One-sided vs Two-sided Test

One-sided vs Two-sided RDMA: Implementation & Benchmark API

We implement a benchmark set that allows us to measure throughput (Mops) and bandwidth (GiB/s) for: - One-sided RDMA READ - One-sided RDMA WRITE - Two-sided SEND/RECV

The framework can tune message size, iteration count, and in-flight window/recv depth to see how performance scales.

Build

$ cd docs/code_examples/code/one_side_vs_two_side
$ gcc bench_server_broadcom.c -o bench_server_bench_server_broadcom -lrdmacm -libverbs
$ gcc bench_client_broadcom.c -o bench_client_broadcom -lrdmacm -libverbs

Server API

./bench_server <port> [--mode read|write|send] [--msg N] [--iters N] [--recv-depth N]
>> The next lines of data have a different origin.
(* Let $(U,Y_U,\mathbf 1_U)$ and $(V,Y_V,\mathbf 1_V)$ be $\hbar$-adic nonlocal vertex algebras, and let $S$ be a $\mathbb{C}[[\hbar]]$-submodule of $U$ such that $U$ is generated by $S$. Assume there is a $U$-module structure $Y_V^U$ on $V$ such that $Y_V^U(u,z)\mathbf 1_V\in V[[z]]$ for all $u\in U$. Suppose $\psi^0:S\to V$ is a $\mathbb{C}[[\hbar]]$-module map with $Y_V^U(s,z)=Y_V(\psi^0(s),z)$ for all $s\in S$. Then there is a homomorphism of $\hbar$-adic nonlocal vertex algebras $\psi:U\to V$ with $\psi(s)=\psi^0(s)$ for all $s\in S$.
   Context: Let $\hbar$ be a formal variable. A $\mathbb{C}[[\hbar]]$-module is topologically free if it equals $W_0[[\hbar]]$ for a vector space $W_0$. For topologically free $W=W_0[[\hbar]]$ let $\mathcal{E}_\hbar(W)=\mathrm{Hom}_{\mathbb{C}[[\hbar]]}(W,W_0((z))[[\hbar]])$, and let $\pi_n$ denote reduction modulo $\hbar^n$. A sequence $(a_1(z),\dots,a_r(z))$ in $\mathcal{E}_\hbar(W)$ is $\hbar$-adically compatible if for each $n\ge1$ there is $m\ge0$ with $\prod_{i<j}(z_i-z_j)^m\pi_n(a_1(z_1))\cdots\pi_n(a_r(z_r))\in\mathrm{Hom}(W/\hbar^nW,(W/\hbar^nW)((z_1,\dots,z_r)))$. For such a pair $(a(z),b(z))$, with $k_n$ chosen so that $(z_1-z)^{k_n}\pi_n(a(z_1))\pi_n(b(z))\in \mathrm{Hom}(W/\hbar^nW,(W/\hbar^nW)((z_1,z)))$, $Y_{\mathcal E}(a(z),z_0)b(z)$ is the element of $\mathcal{E}_\hbar(W)[[z_0^{\pm1}]]$ whose reduction mod $\hbar^n$ is $z_0^{-k_n}\big((z_1-z)^{k_n}\pi_n(a(z_1))\pi_n(b(z))\big)|_{z_1=z+z_0}$ for all $n$. An $\hbar$-adic nonlocal vertex algebra is a topologically free $V$ with $\mathbf{1}\in V$ and $\mathbb{C}[[\hbar]]$-linear $Y(\cdot,z):V\to\mathcal{E}_\hbar(V)$ such that $Y(\mathbf 1,z)=\mathrm{id}$, $Y(v,z)\mathbf 1\in V[[z]]$, $\lim_{z\to0}Y(v,z)\mathbf 1=v$, $\{Y(u,z)\}_{u\in V}$ is $\hbar$-adically compatible and $Y_{\mathcal E}(Y(u,z),z_0)Y(v,z)=Y(Y(u,z_0)v,z)$. A $V$-module is a topologically free $W$ with $\mathbb{C}[[\hbar]]$-linear $Y_W:V\to\mathcal{E}_\hbar(W)$, $Y_W(\mathbf 1,z)=1_W$, $\{Y_W(u,z)\}$ $\hbar$-adically compatible, and $Y_{\mathcal E}(Y_W(u,z),z_0)Y_W(v,z)=Y_W(Y(u,z_0)v,z)$. A homomorphism $\psi:U\to V$ of $\hbar$-adic nonlocal vertex algebras is a $\mathbb{C}[[\hbar]]$-linear map with $\psi(\mathbf 1_U)=\mathbf 1_V$ and $\psi(Y_U(u,z)v)=Y_V(\psi(u),z)\psi(v)$. For a $\mathbb{C}[[\hbar]]$-submodule $U'$, $[U']=\{v:\hbar^nv\in U'\text{ for some }n\}$ and $\overline{U'}$ is its $\hbar$-adic closure. $U$ is generated by a subset $S$ if the only closed subspace $U'\ni\mathbf 1_U$ containing $S$, closed under all products $u_mv$ and with $[U']=U'$, is $U$ itself. *)

theory Defs
  imports Complex_Main
begin

text \<open>Concrete model of topologically free C[[h]]-modules W = W0[[h]]:
  an element is a function nat => W0 (coefficient of h^k), where the type 'a
  with a complex scalar action sc (a C-vector space) plays the role of W0.\<close>

type_synonym 'a hser = "nat \<Rightarrow> 'a"
type_synonym 'a hlser = "nat \<Rightarrow> int \<Rightarrow> 'a"   \<comment> \<open>W0((z))[[h]], h-degree then z-exponent\<close>
type_synonym 'a hop = "'a hser \<Rightarrow> 'a hlser"

definition hsmult :: "(complex \<Rightarrow> 'a \<Rightarrow> 'a) \<Rightarrow> complex hser \<Rightarrow> ('a::ab_group_add) hser \<Rightarrow> 'a hser" where
  "hsmult sc c w = (\<lambda>k. \<Sum>i\<le>k. sc (c i) (w (k - i)))"

definition Esmult :: "(complex \<Rightarrow> 'a \<Rightarrow> 'a) \<Rightarrow> complex hser \<Rightarrow> ('a::ab_group_add) hlser \<Rightarrow> 'a hlser" where
  "Esmult sc c F = (\<lambda>k m. \<Sum>i\<le>k. sc (c i) (F (k - i) m))"

definition hadd :: "('a::ab_group_add) hser \<Rightarrow> 'a hser \<Rightarrow> 'a hser" where
  "hadd x y = (\<lambda>k. x k + y k)"

definition hladd :: "('a::ab_group_add) hlser \<Rightarrow> 'a hlser \<Rightarrow> 'a hlser" where
  "hladd F G = (\<lambda>k m. F k m + G k m)"

definition hpow :: "nat \<Rightarrow> complex hser" where
  "hpow n = (\<lambda>i. if i = n then 1 else 0)"

definition hlinear :: "(complex \<Rightarrow> 'a \<Rightarrow> 'a) \<Rightarrow> (complex \<Rightarrow> 'b \<Rightarrow> 'b)
    \<Rightarrow> (('a::ab_group_add) hser \<Rightarrow> ('b::ab_group_add) hser) \<Rightarrow> bool" where
  "hlinear sa sb f \<longleftrightarrow> (\<forall>x y. f (hadd x y) = hadd (f x) (f y)) \<and>
     (\<forall>c x. f (hsmult sa c x) = hsmult sb c (f x))"

text \<open>a is in E_h(W) = Hom_{C[[h]]}(W, W0((z))[[h]])\<close>
definition inE :: "(complex \<Rightarrow> 'a \<Rightarrow> 'a) \<Rightarrow> ('a::ab_group_add) hop \<Rightarrow> bool" where
  "inE sc a \<longleftrightarrow> (\<forall>x y. a (hadd x y) = hladd (a x) (a y)) \<and>
     (\<forall>c x. a (hsmult sc c x) = Esmult sc c (a x)) \<and>
     (\<forall>w k. \<exists>N. \<forall>m<N. a w k m = 0)"

definition vcoef :: "'a hlser \<Rightarrow> int \<Rightarrow> 'a hser" where
  "vcoef F m = (\<lambda>k. F k m)"

text \<open>The formal product a_1(z_1)...a_r(z_r) w, as a series in z_1..z_r:
  coefficient at exponent vector e (e i is the exponent of z_(i+1)).\<close>
fun prodser :: "'a hop list \<Rightarrow> 'a hser \<Rightarrow> (nat \<Rightarrow> int) \<Rightarrow> 'a hser" where
  "prodser [] w e = w"
| "prodser (a # as) w e = (\<lambda>k. a (prodser as w (\<lambda>i. e (Suc i))) k (e 0))"

text \<open>multiplication by (z_i - z_j) on formal series in several variables\<close>
definition mulz :: "nat \<Rightarrow> nat \<Rightarrow> ((nat \<Rightarrow> int) \<Rightarrow> ('a::ab_group_add) hser)
    \<Rightarrow> ((nat \<Rightarrow> int) \<Rightarrow> 'a hser)" where
  "mulz i j G = (\<lambda>e k. G (e(i := e i - 1)) k - G (e(j := e j - 1)) k)"

text \<open>multiplication by prod_{i<j<r} (z_i - z_j)^m\<close>
definition polymult :: "nat \<Rightarrow> nat \<Rightarrow> ((nat \<Rightarrow> int) \<Rightarrow> ('a::ab_group_add) hser)
    \<Rightarrow> ((nat \<Rightarrow> int) \<Rightarrow> 'a hser)" where
  "polymult m r G = foldr (\<lambda>(i, j) H. (mulz i j ^^ m) H)
      [(i, j). i \<leftarrow> [0..<r], j \<leftarrow> [0..<r], i < j] G"

text \<open>modulo h^n, the r-variable series lies in (W/h^nW)((z_1,...,z_r))\<close>
definition lowbdd :: "nat \<Rightarrow> nat \<Rightarrow> ((nat \<Rightarrow> int) \<Rightarrow> ('a::zero) hser) \<Rightarrow> bool" where
  "lowbdd n r G \<longleftrightarrow> (\<exists>N. \<forall>e. (\<exists>i<r. e i < N) \<longrightarrow> (\<forall>k<n. G e k = 0))"

definition hcompat :: "('a::ab_group_add) hop list \<Rightarrow> bool" where
  "hcompat as \<longleftrightarrow> (\<forall>n\<ge>1. \<exists>m. \<forall>w. lowbdd n (length as) (polymult m (length as) (prodser as w)))"

definition pt2 :: "int \<Rightarrow> int \<Rightarrow> nat \<Rightarrow> int" where
  "pt2 j p = (\<lambda>i. if i = 0 then j else if i = 1 then p else 0)"

text \<open>YE_eq sc a b C: C (coefficients C l of z_0^l) is Y_E(a(z),z_0)b(z), i.e. for every n \<ge> 1
  and every admissible k, C mod h^n equals z_0^(-k)((z_1-z)^k a(z_1)b(z))|_(z_1=z+z_0) mod h^n.\<close>
definition YE_eq :: "(complex \<Rightarrow> 'a \<Rightarrow> 'a) \<Rightarrow> ('a::ab_group_add) hop \<Rightarrow> 'a hop \<Rightarrow> (int \<Rightarrow> 'a hop) \<Rightarrow> bool" where
  "YE_eq sc a b C \<longleftrightarrow> (\<forall>n\<ge>1. \<forall>kk::nat.
     (\<forall>w. lowbdd n 2 (polymult kk 2 (prodser [a, b] w))) \<longrightarrow>
     (\<forall>w l q k. k < n \<longrightarrow> C l w k q =
        (if l + int kk < 0 then 0 else
          (\<Sum>j\<in>{j. polymult kk 2 (prodser [a, b] w) (pt2 j (q - j + l + int kk)) k \<noteq> 0}.
             sc ((of_int j :: complex) gchoose (nat (l + int kk)))
                (polymult kk 2 (prodser [a, b] w) (pt2 j (q - j + l + int kk)) k)))))"

definition hnva :: "(complex \<Rightarrow> 'a \<Rightarrow> 'a) \<Rightarrow> ('a::ab_group_add) hser \<Rightarrow> ('a hser \<Rightarrow> 'a hop) \<Rightarrow> bool" where
  "hnva sc vac Y \<longleftrightarrow> Vector_Spaces.vector_space sc \<and>
     (\<forall>u. inE sc (Y u)) \<and>
     (\<forall>u v. Y (hadd u v) = (\<lambda>w. hladd (Y u w) (Y v w))) \<and>
     (\<forall>c u. Y (hsmult sc c u) = (\<lambda>w. Esmult sc c (Y u w))) \<and>
     Y vac = (\<lambda>w k m. if m = 0 then w k else 0) \<and>
     (\<forall>v k m. m < 0 \<longrightarrow> Y v vac k m = 0) \<and>
     (\<forall>v k. Y v vac k 0 = v k) \<and>
     (\<forall>us. hcompat (map Y us)) \<and>
     (\<forall>u v. YE_eq sc (Y u) (Y v) (\<lambda>l. Y (vcoef (Y u v) l)))"

definition hmodule :: "(complex \<Rightarrow> 'a \<Rightarrow> 'a) \<Rightarrow> ('a::ab_group_add) hser \<Rightarrow> ('a hser \<Rightarrow> 'a hop)
    \<Rightarrow> (complex \<Rightarrow> 'b \<Rightarrow> 'b) \<Rightarrow> ('a hser \<Rightarrow> ('b::ab_group_add) hop) \<Rightarrow> bool" where
  "hmodule sc vac Y scW YW \<longleftrightarrow> Vector_Spaces.vector_space scW \<and>
     (\<forall>u. inE scW (YW u)) \<and>
     (\<forall>u v. YW (hadd u v) = (\<lambda>w. hladd (YW u w) (YW v w))) \<and>
     (\<forall>c u. YW (hsmult sc c u) = (\<lambda>w. Esmult scW c (YW u w))) \<and>
     YW vac = (\<lambda>w k m. if m = 0 then w k else 0) \<and>
     (\<forall>us. hcompat (map YW us)) \<and>
     (\<forall>u v. YE_eq scW (YW u) (YW v) (\<lambda>l. YW (vcoef (Y u v) l)))"

definition hnva_hom :: "(complex \<Rightarrow> 'a \<Rightarrow> 'a) \<Rightarrow> ('a::ab_group_add) hser \<Rightarrow> ('a hser \<Rightarrow> 'a hop)
    \<Rightarrow> (complex \<Rightarrow> 'b \<Rightarrow> 'b) \<Rightarrow> ('b::ab_group_add) hser \<Rightarrow> ('b hser \<Rightarrow> 'b hop)
    \<Rightarrow> ('a hser \<Rightarrow> 'b hser) \<Rightarrow> bool" where
  "hnva_hom sU vacU YU sV vacV YV psi \<longleftrightarrow> hlinear sU sV psi \<and> psi vacU = vacV \<and>
     (\<forall>u v m. psi (vcoef (YU u v) m) = vcoef (YV (psi u) (psi v)) m)"

definition hsubmod :: "(complex \<Rightarrow> 'a \<Rightarrow> 'a) \<Rightarrow> ('a::ab_group_add) hser set \<Rightarrow> bool" where
  "hsubmod sc A \<longleftrightarrow> (\<lambda>k. 0) \<in> A \<and> (\<forall>x\<in>A. \<forall>y\<in>A. hadd x y \<in> A) \<and>
     (\<forall>c. \<forall>x\<in>A. hsmult sc c x \<in> A)"

definition hsat :: "(complex \<Rightarrow> 'a \<Rightarrow> 'a) \<Rightarrow> ('a::ab_group_add) hser set \<Rightarrow> 'a hser set" where
  "hsat sc A = {v. \<exists>n. hsmult sc (hpow n) v \<in> A}"

definition hclosure :: "'a hser set \<Rightarrow> 'a hser set" where
  "hclosure A = {w. \<exists>f::nat \<Rightarrow> 'a hser. (\<forall>i. f i \<in> A) \<and> (\<forall>n. \<exists>i0. \<forall>i\<ge>i0. \<forall>k<n. f i k = w k)}"

definition hgenerated :: "(complex \<Rightarrow> 'a \<Rightarrow> 'a) \<Rightarrow> ('a::ab_group_add) hser \<Rightarrow> ('a hser \<Rightarrow> 'a hop)
    \<Rightarrow> 'a hser set \<Rightarrow> bool" where
  "hgenerated sc vac Y S \<longleftrightarrow> (\<forall>U'. hsubmod sc U' \<and> hclosure U' = U' \<and> vac \<in> U' \<and> S \<subseteq> U' \<and>
     (\<forall>u\<in>U'. \<forall>v\<in>U'. \<forall>m. vcoef (Y u v) m \<in> U') \<and> hsat sc U' = U' \<longrightarrow> U' = UNIV)"

end

theory Submission
  imports Defs
begin

text \<open>Put \<open>\<psi>(u)\<close> := the constant term of \<open>Y\<^sub>V\<^sup>U(u,z)\<one>\<^sub>V\<close>. The set of \<open>u\<close> with
  \<open>Y\<^sub>V\<^sup>U(u,z) = Y\<^sub>V(\<psi>(u),z)\<close> is an equalizer of two \<open>\<hbar>\<close>-linear maps into \<open>\<E>\<^sub>\<hbar>(V)\<close>, hence a
  closed saturated submodule; it contains \<open>\<one>\<^sub>U\<close> and \<open>S\<close> (as \<open>Y\<^sub>V(v,z)\<one>\<^sub>V\<close> has constant term
  \<open>v\<close>), and it is closed under all products because \<open>Y\<^sub>\<E>(a(z),z\<^sub>0)b(z)\<close> is uniquely determined
  by \<open>a\<close> and \<open>b\<close>. Since \<open>S\<close> generates \<open>U\<close>, it is all of \<open>U\<close>, and comparing constant terms
  after applying both sides to \<open>\<one>\<^sub>V\<close> shows that \<open>\<psi>\<close> is a homomorphism.\<close>

definition hlinear_hop :: "(complex \<Rightarrow> 'a \<Rightarrow> 'a) \<Rightarrow> (complex \<Rightarrow> 'b \<Rightarrow> 'b)
    \<Rightarrow> (('a::ab_group_add) hser \<Rightarrow> ('b::ab_group_add) hop) \<Rightarrow> bool" where
  "hlinear_hop sa sb Y \<longleftrightarrow> (\<forall>u v. Y (hadd u v) = (\<lambda>w. hladd (Y u w) (Y v w))) \<and>
     (\<forall>c u. Y (hsmult sa c u) = (\<lambda>w. Esmult sb c (Y u w)))"
lemma pos_semidef_sqrt_ex1:
  fixes L :: "real^'n^'n"
  assumes L: "pos_semidef L"
  shows "\<exists>!S. pos_semidef S \<and> S ** S = L"
proof -
  obtain B where B: "eigenbasis L B"
    using symmetric_mat_eigenbasis L unfolding pos_semidef_def by blast
  then have ONB: "orthonormal_basis B"
    unfolding eigenbasis_def by blast
  define S where "S = spectral_mat B (\<lambda>b. sqrt (b \<bullet> (L *v b)))"
  have "pos_semidef S"
    unfolding S_def by (rule pos_semidef_spectral_mat) (simp add: pos_semidef_eigenvalue_nonneg[OF L B])
  moreover have "S ** S = L"
  proof -
    have "S ** S = spectral_mat B (\<lambda>b. sqrt (b \<bullet> (L *v b)) * sqrt (b \<bullet> (L *v b)))"
      unfolding S_def by (rule spectral_mat_mult[OF ONB])
    also have "\<dots> = spectral_mat B (\<lambda>b. b \<bullet> (L *v b))"
      by (rule spectral_mat_cong) (simp add: pos_semidef_eigenvalue_nonneg[OF L B])
    finally show ?thesis
      using eigenbasis_eq_spectral_mat[OF B] by simp
  qed
  ultimately show ?thesis
    using pos_semidef_sqrt_unique by blast
qed

lemma pos_semidef_mat_sqrt:
  assumes "pos_semidef L"
  shows "pos_semidef (mat_sqrt L)"
  using theI'[OF pos_semidef_sqrt_ex1[OF assms]] unfolding mat_sqrt_def by blast

lemma mat_sqrt_mult_self:
  assumes "pos_semidef L"
  shows "mat_sqrt L ** mat_sqrt L = L"
  using theI'[OF pos_semidef_sqrt_ex1[OF assms]] unfolding mat_sqrt_def by blast

lemma matrix_inv_eqI:
  fixes A N :: "'a::field^'n^'n"
  assumes AN: "A ** N = mat 1"
  shows "matrix_inv A = N"
proof -
  have NA: "N ** A = mat 1"
    using AN matrix_left_right_inverse by blast
  then have "\<exists>X. A ** X = mat 1 \<and> X ** A = mat 1"
    using AN by blast
  then have inv: "A ** matrix_inv A = mat 1"
    unfolding matrix_inv_def by (rule someI_ex[THEN conjunct1])
  have "matrix_inv A = (N ** A) ** matrix_inv A"
    using NA by (simp add: matrix_mul_lid)
  also have "\<dots> = N"
    using inv by (simp add: matrix_mul_assoc[symmetric] matrix_mul_rid)
  finally show ?thesis .
qed

lemma pos_def_matrix_inv_eq:
  assumes L: "pos_def L" and B: "eigenbasis L B"
  shows "matrix_inv L = spectral_mat B (\<lambda>b. 1 / (b \<bullet> (L *v b)))"
proof (rule matrix_inv_eqI)
  have ONB: "orthonormal_basis B"
    using B unfolding eigenbasis_def by blast
  have "L ** spectral_mat B (\<lambda>b. 1 / (b \<bullet> (L *v b)))
      = spectral_mat B (\<lambda>b. (b \<bullet> (L *v b)) * (1 / (b \<bullet> (L *v b))))"
    by (subst (1) eigenbasis_eq_spectral_mat[OF B]) (rule spectral_mat_mult[OF ONB])
  also have "\<dots> = spectral_mat B (\<lambda>_. 1)"
  proof (rule spectral_mat_cong)
    fix b
    assume "b \<in> B"
    then have "b \<bullet> (L *v b) \<noteq> 0"
      using pos_def_eigenvalue_pos[OF L B] by fastforce
    then show "b \<bullet> (L *v b) * (1 / (b \<bullet> (L *v b))) = 1"
      by simp
  qed
  finally show "L ** spectral_mat B (\<lambda>b. 1 / (b \<bullet> (L *v b))) = mat 1"
    using spectral_mat_one[OF ONB] by simp
qed

lemma pos_def_matrix_inv:
  assumes "pos_def L"
  shows "pos_def (matrix_inv L)"
proof -
  obtain B where B: "eigenbasis L B"
    using symmetric_mat_eigenbasis assms unfolding pos_def_def by blast
  show ?thesis
    unfolding pos_def_matrix_inv_eq[OF assms B] using B pos_def_eigenvalue_pos[OF assms B]
    unfolding eigenbasis_def by (intro pos_def_spectral_mat) auto
qed

lemma pos_def_det_pos:
  assumes "pos_def L"
  shows "det L > 0"
proof -
  obtain B where B: "eigenbasis L B"
    using symmetric_mat_eigenbasis assms unfolding pos_def_def by blast
  then show ?thesis
    using pos_def_eigenvalue_pos[OF assms B] by (simp add: det_eigenbasis prod_pos)
qed

lemma pos_def_det_matrix_inv:
  assumes "pos_def L"
  shows "det (matrix_inv L) = 1 / det L"
proof -
  obtain B where B: "eigenbasis L B"
    using symmetric_mat_eigenbasis assms unfolding pos_def_def by blast
  then have "orthonormal_basis B"
    unfolding eigenbasis_def by blast
  then show ?thesis
    by (simp add: pos_def_matrix_inv_eq[OF assms B] det_spectral_mat det_eigenbasis[OF B] prod_dividef)
qed

section \<open>Hadamard's inequality\<close>

lemma orthonormal_basis_sum_component_sq:
  fixes B :: "(real^'n) set"
  assumes "orthonormal_basis B"
  shows "(\<Sum>b\<in>B. (b $ i)\<^sup>2) = 1"
  using orthonormal_basis_parseval[OF assms, of "axis i 1" "axis i 1"]
  by (simp add: inner_axis' inner_axis_axis power2_eq_square)

lemma unit_vector_sum_component_sq:
  fixes b :: "real^'n"
  assumes "norm b = 1"
  shows "(\<Sum>i\<in>UNIV. (b $ i)\<^sup>2) = 1"
proof -
  have "b \<bullet> b = 1"
    using assms by (simp add: dot_square_norm)
  then show ?thesis
    by (simp add: inner_vec_def power2_eq_square)
qed

text \<open>For \<open>N = \<Sum>\<^sub>b e\<^sub>b b b\<^sup>T\<close> the weights \<open>(b\<^sub>i)\<^sup>2\<close> sum to 1 both over \<open>b\<close> and over \<open>i\<close>;
  concavity of \<open>ln\<close> gives \<open>\<Sum>\<^sub>b (b\<^sub>i)\<^sup>2 ln e\<^sub>b \<le> ln N\<^sub>i\<^sub>i\<close>; summing over \<open>i\<close> yields \<open>ln det N \<le> \<Sum>\<^sub>i ln N\<^sub>i\<^sub>i\<close>.\<close>

theorem hadamard_pos_def:
  fixes N :: "real^'n^'n"
  assumes pd: "pos_def N"
  shows "det N \<le> (\<Prod>i\<in>UNIV. N $ i $ i)"
proof -
  obtain B where B: "eigenbasis N B"
    using symmetric_mat_eigenbasis pd unfolding pos_def_def by blast
  define e where "e = (\<lambda>b. b \<bullet> (N *v b))"
  have N: "N = spectral_mat B e"
    unfolding e_def by (rule eigenbasis_eq_spectral_mat[OF B])
  have ONB: "orthonormal_basis B" and "finite B"
    using B orthonormal_finite unfolding eigenbasis_def orthonormal_basis_def by auto
  have e_pos: "e b > 0" if "b \<in> B" for b
    unfolding e_def using pos_def_eigenvalue_pos[OF pd B that] .
  have weights: "(\<Sum>b\<in>B. (b $ i)\<^sup>2) = 1" for i
    by (rule orthonormal_basis_sum_component_sq[OF ONB])
  have jensen: "(\<Sum>b\<in>B. (b $ i)\<^sup>2 * ln (e b)) \<le> ln (N $ i $ i)" for i
  proof -
    have "B \<noteq> {}"
      using weights[of i] by auto
    then have "(\<Sum>b\<in>B. (b $ i)\<^sup>2 * ln (e b)) \<le> ln (\<Sum>b\<in>B. (b $ i)\<^sup>2 *\<^sub>R e b)"
      using e_pos by (intro concave_on_sum[OF \<open>finite B\<close> _ ln_concave weights]) auto
    also have "(\<Sum>b\<in>B. (b $ i)\<^sup>2 *\<^sub>R e b) = N $ i $ i"
      unfolding N spectral_mat_def by (simp add: power2_eq_square mult_ac)
    finally show ?thesis .
  qed
  have "ln (det N) = ln (\<Prod>b\<in>B. e b)"
    using det_eigenbasis[OF B] unfolding e_def by simp
  also have "\<dots> = (\<Sum>b\<in>B. ln (e b))"
    using e_pos by (intro ln_prod[OF \<open>finite B\<close>]) force
  also have "\<dots> = (\<Sum>b\<in>B. \<Sum>i\<in>UNIV. (b $ i)\<^sup>2 * ln (e b))"
    using ONB unfolding orthonormal_basis_def orthonormal_def
    by (simp add: sum_distrib_right[symmetric] unit_vector_sum_component_sq)
  also have "\<dots> = (\<Sum>i\<in>UNIV. \<Sum>b\<in>B. (b $ i)\<^sup>2 * ln (e b))"
    by (rule sum.swap)
  also have "\<dots> \<le> (\<Sum>i\<in>UNIV. ln (N $ i $ i))"
    by (intro sum_mono jensen)
  also have "\<dots> = ln (\<Prod>i\<in>UNIV. N $ i $ i)"
    using pos_def_diag_pos[OF pd] by (simp add: ln_prod less_imp_neq[symmetric])
  finally show ?thesis
    using pos_def_det_pos[OF pd] pos_def_diag_pos[OF pd] by (simp add: prod_pos)
qed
- --mode: read exposes a buffer for client RDMA READ; write exposes a buffer for client RDMA WRITE; send preposts receives to accept SENDs. - --msg: message size (bytes). - --iters: total operations to expect. - --recv-depth: number of receives preposted in SEND mode (must cover client window).

Client API

./bench_client <server_ip> <port> [--mode read|write|send] [--msg N] [--iters N] [--window N]

- --mode: read issues one-sided RDMA READs; write issues one-sided RDMA WRITEs; send does two-sided SENDs. - --msg: message size (bytes); must not exceed server-advertised buffer. - --iters: total operations to issue. - --window: outstanding WRs allowed in flight (match server recv-depth in SEND mode).

Test results (CPU RAM)

We would like to explore the impact of message size on MOPS and bandwidth for one-side and two-side RDMA.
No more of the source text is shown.